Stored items
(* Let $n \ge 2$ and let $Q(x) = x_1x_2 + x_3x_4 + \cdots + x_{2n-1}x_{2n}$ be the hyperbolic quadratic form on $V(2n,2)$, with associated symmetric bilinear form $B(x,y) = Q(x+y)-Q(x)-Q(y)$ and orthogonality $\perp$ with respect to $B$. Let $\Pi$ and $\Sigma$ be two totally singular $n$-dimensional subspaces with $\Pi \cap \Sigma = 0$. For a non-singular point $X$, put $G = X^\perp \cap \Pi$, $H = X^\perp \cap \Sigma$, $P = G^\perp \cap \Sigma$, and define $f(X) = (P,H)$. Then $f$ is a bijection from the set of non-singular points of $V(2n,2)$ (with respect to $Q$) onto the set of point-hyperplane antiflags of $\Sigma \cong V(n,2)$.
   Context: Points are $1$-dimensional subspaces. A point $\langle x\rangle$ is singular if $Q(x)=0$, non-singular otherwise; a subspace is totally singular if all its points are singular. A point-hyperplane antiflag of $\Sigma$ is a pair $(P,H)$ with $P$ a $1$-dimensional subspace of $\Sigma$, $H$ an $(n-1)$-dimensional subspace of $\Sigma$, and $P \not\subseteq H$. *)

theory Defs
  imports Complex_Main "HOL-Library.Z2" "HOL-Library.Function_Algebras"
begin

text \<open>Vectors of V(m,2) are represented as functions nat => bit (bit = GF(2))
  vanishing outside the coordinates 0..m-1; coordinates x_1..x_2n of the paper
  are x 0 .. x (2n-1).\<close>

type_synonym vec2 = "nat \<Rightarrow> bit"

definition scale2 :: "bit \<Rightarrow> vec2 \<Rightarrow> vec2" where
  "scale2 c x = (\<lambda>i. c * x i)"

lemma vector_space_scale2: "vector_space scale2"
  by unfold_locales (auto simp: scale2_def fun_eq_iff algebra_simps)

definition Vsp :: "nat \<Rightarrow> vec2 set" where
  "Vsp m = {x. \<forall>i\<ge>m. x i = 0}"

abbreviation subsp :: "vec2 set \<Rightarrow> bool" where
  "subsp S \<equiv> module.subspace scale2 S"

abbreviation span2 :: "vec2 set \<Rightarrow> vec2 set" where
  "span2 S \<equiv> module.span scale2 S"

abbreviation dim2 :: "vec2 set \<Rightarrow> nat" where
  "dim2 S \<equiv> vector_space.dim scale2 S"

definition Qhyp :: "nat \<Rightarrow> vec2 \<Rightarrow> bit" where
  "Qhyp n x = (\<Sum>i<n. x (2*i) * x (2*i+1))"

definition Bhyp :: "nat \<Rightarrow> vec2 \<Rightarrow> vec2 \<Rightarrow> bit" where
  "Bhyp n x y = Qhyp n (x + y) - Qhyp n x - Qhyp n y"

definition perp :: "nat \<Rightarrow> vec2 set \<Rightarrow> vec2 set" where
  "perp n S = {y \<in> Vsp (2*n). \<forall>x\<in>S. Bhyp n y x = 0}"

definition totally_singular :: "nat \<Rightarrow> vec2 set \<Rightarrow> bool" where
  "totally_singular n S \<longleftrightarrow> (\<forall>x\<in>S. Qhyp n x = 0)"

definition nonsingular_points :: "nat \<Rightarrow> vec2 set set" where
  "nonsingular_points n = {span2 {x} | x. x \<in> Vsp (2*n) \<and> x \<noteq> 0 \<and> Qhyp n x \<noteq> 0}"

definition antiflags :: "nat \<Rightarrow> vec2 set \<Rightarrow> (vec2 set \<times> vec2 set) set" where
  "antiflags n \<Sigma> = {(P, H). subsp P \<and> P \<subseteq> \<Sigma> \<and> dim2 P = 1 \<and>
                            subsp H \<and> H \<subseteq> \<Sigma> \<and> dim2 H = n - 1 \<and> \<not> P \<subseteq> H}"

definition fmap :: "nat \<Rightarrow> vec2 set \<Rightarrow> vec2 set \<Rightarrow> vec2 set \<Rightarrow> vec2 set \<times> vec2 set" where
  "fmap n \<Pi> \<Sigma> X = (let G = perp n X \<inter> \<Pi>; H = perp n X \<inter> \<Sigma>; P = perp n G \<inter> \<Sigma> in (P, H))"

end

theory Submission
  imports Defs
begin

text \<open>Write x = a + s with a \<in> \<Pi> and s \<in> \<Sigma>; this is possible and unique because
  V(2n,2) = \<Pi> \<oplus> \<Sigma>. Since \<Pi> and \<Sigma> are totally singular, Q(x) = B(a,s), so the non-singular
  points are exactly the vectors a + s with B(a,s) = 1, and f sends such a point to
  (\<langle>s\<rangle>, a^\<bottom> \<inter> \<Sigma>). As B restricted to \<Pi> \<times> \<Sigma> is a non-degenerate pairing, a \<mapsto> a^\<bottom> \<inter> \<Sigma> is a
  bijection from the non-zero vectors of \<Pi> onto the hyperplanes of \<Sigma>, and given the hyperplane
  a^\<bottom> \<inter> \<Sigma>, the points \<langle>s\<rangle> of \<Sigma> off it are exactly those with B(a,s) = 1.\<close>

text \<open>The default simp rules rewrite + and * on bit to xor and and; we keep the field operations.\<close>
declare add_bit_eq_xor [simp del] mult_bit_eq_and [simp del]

(Brief)
Each record is to be transcribed exactly and in full.

(Solution to the exercise)
(* Let $n \ge 2$ and let $Q(x) = x_1x_2 + x_3x_4 + \cdots + x_{2n-1}x_{2n}$ be the hyperbolic quadratic form on $V(2n,2)$, with associated symmetric bilinear form $B(x,y) = Q(x+y)-Q(x)-Q(y)$ and orthogonality $\perp$ with respect to $B$. Let $\Pi$ and $\Sigma$ be two totally singular $n$-dimensional subspaces with $\Pi \cap \Sigma = 0$. For a non-singular point $X$, put $G = X^\perp \cap \Pi$, $H = X^\perp \cap \Sigma$, $P = G^\perp \cap \Sigma$, and define $f(X) = (P,H)$. Then $f$ is a bijection from the set of non-singular points of $V(2n,2)$ (with respect to $Q$) onto the set of point-hyperplane antiflags of $\Sigma \cong V(n,2)$.
   Context: Points are $1$-dimensional subspaces. A point $\langle x\rangle$ is singular if $Q(x)=0$, non-singular otherwise; a subspace is totally singular if all its points are singular. A point-hyperplane antiflag of $\Sigma$ is a pair $(P,H)$ with $P$ a $1$-dimensional subspace of $\Sigma$, $H$ an $(n-1)$-dimensional subspace of $\Sigma$, and $P \not\subseteq H$. *)

theory Defs
  imports Complex_Main "HOL-Library.Z2" "HOL-Library.Function_Algebras"
begin

text \<open>Vectors of V(m,2) are represented as functions nat => bit (bit = GF(2))
  vanishing outside the coordinates 0..m-1; coordinates x_1..x_2n of the paper
  are x 0 .. x (2n-1).\<close>

type_synonym vec2 = "nat \<Rightarrow> bit"

definition scale2 :: "bit \<Rightarrow> vec2 \<Rightarrow> vec2" where
  "scale2 c x = (\<lambda>i. c * x i)"

lemma vector_space_scale2: "vector_space scale2"
  by unfold_locales (auto simp: scale2_def fun_eq_iff algebra_simps)

definition Vsp :: "nat \<Rightarrow> vec2 set" where
  "Vsp m = {x. \<forall>i\<ge>m. x i = 0}"

abbreviation subsp :: "vec2 set \<Rightarrow> bool" where
  "subsp S \<equiv> module.subspace scale2 S"

abbreviation span2 :: "vec2 set \<Rightarrow> vec2 set" where
  "span2 S \<equiv> module.span scale2 S"

abbreviation dim2 :: "vec2 set \<Rightarrow> nat" where
  "dim2 S \<equiv> vector_space.dim scale2 S"

definition Qhyp :: "nat \<Rightarrow> vec2 \<Rightarrow> bit" where
  "Qhyp n x = (\<Sum>i<n. x (2*i) * x (2*i+1))"

definition Bhyp :: "nat \<Rightarrow> vec2 \<Rightarrow> vec2 \<Rightarrow> bit" where
  "Bhyp n x y = Qhyp n (x + y) - Qhyp n x - Qhyp n y"

definition perp :: "nat \<Rightarrow> vec2 set \<Rightarrow> vec2 set" where
  "perp n S = {y \<in> Vsp (2*n). \<forall>x\<in>S. Bhyp n y x = 0}"

definition totally_singular :: "nat \<Rightarrow> vec2 set \<Rightarrow> bool" where
  "totally_singular n S \<longleftrightarrow> (\<forall>x\<in>S. Qhyp n x = 0)"

definition nonsingular_points :: "nat \<Rightarrow> vec2 set set" where
  "nonsingular_points n = {span2 {x} | x. x \<in> Vsp (2*n) \<and> x \<noteq> 0 \<and> Qhyp n x \<noteq> 0}"

definition antiflags :: "nat \<Rightarrow> vec2 set \<Rightarrow> (vec2 set \<times> vec2 set) set" where
  "antiflags n \<Sigma> = {(P, H). subsp P \<and> P \<subseteq> \<Sigma> \<and> dim2 P = 1 \<and>
                            subsp H \<and> H \<subseteq> \<Sigma> \<and> dim2 H = n - 1 \<and> \<not> P \<subseteq> H}"

definition fmap :: "nat \<Rightarrow> vec2 set \<Rightarrow> vec2 set \<Rightarrow> vec2 set \<Rightarrow> vec2 set \<times> vec2 set" where
  "fmap n \<Pi> \<Sigma> X = (let G = perp n X \<inter> \<Pi>; H = perp n X \<inter> \<Sigma>; P = perp n G \<inter> \<Sigma> in (P, H))"

end

theory Submission
  imports Defs
begin

text \<open>Write x = a + s with a \<in> \<Pi> and s \<in> \<Sigma>; this is possible and unique because
  V(2n,2) = \<Pi> \<oplus> \<Sigma>. Since \<Pi> and \<Sigma> are totally singular, Q(x) = B(a,s), so the non-singular
  points are exactly the vectors a + s with B(a,s) = 1, and f sends such a point to
  (\<langle>s\<rangle>, a^\<bottom> \<inter> \<Sigma>). As B restricted to \<Pi> \<times> \<Sigma> is a non-degenerate pairing, a \<mapsto> a^\<bottom> \<inter> \<Sigma> is a
  bijection from the non-zero vectors of \<Pi> onto the hyperplanes of \<Sigma>, and given the hyperplane
  a^\<bottom> \<inter> \<Sigma>, the points \<langle>s\<rangle> of \<Sigma> off it are exactly those with B(a,s) = 1.\<close>

text \<open>The default simp rules rewrite + and * on bit to xor and and; we keep the field operations.\<close>
declare add_bit_eq_xor [simp del] mult_bit_eq_and [simp del]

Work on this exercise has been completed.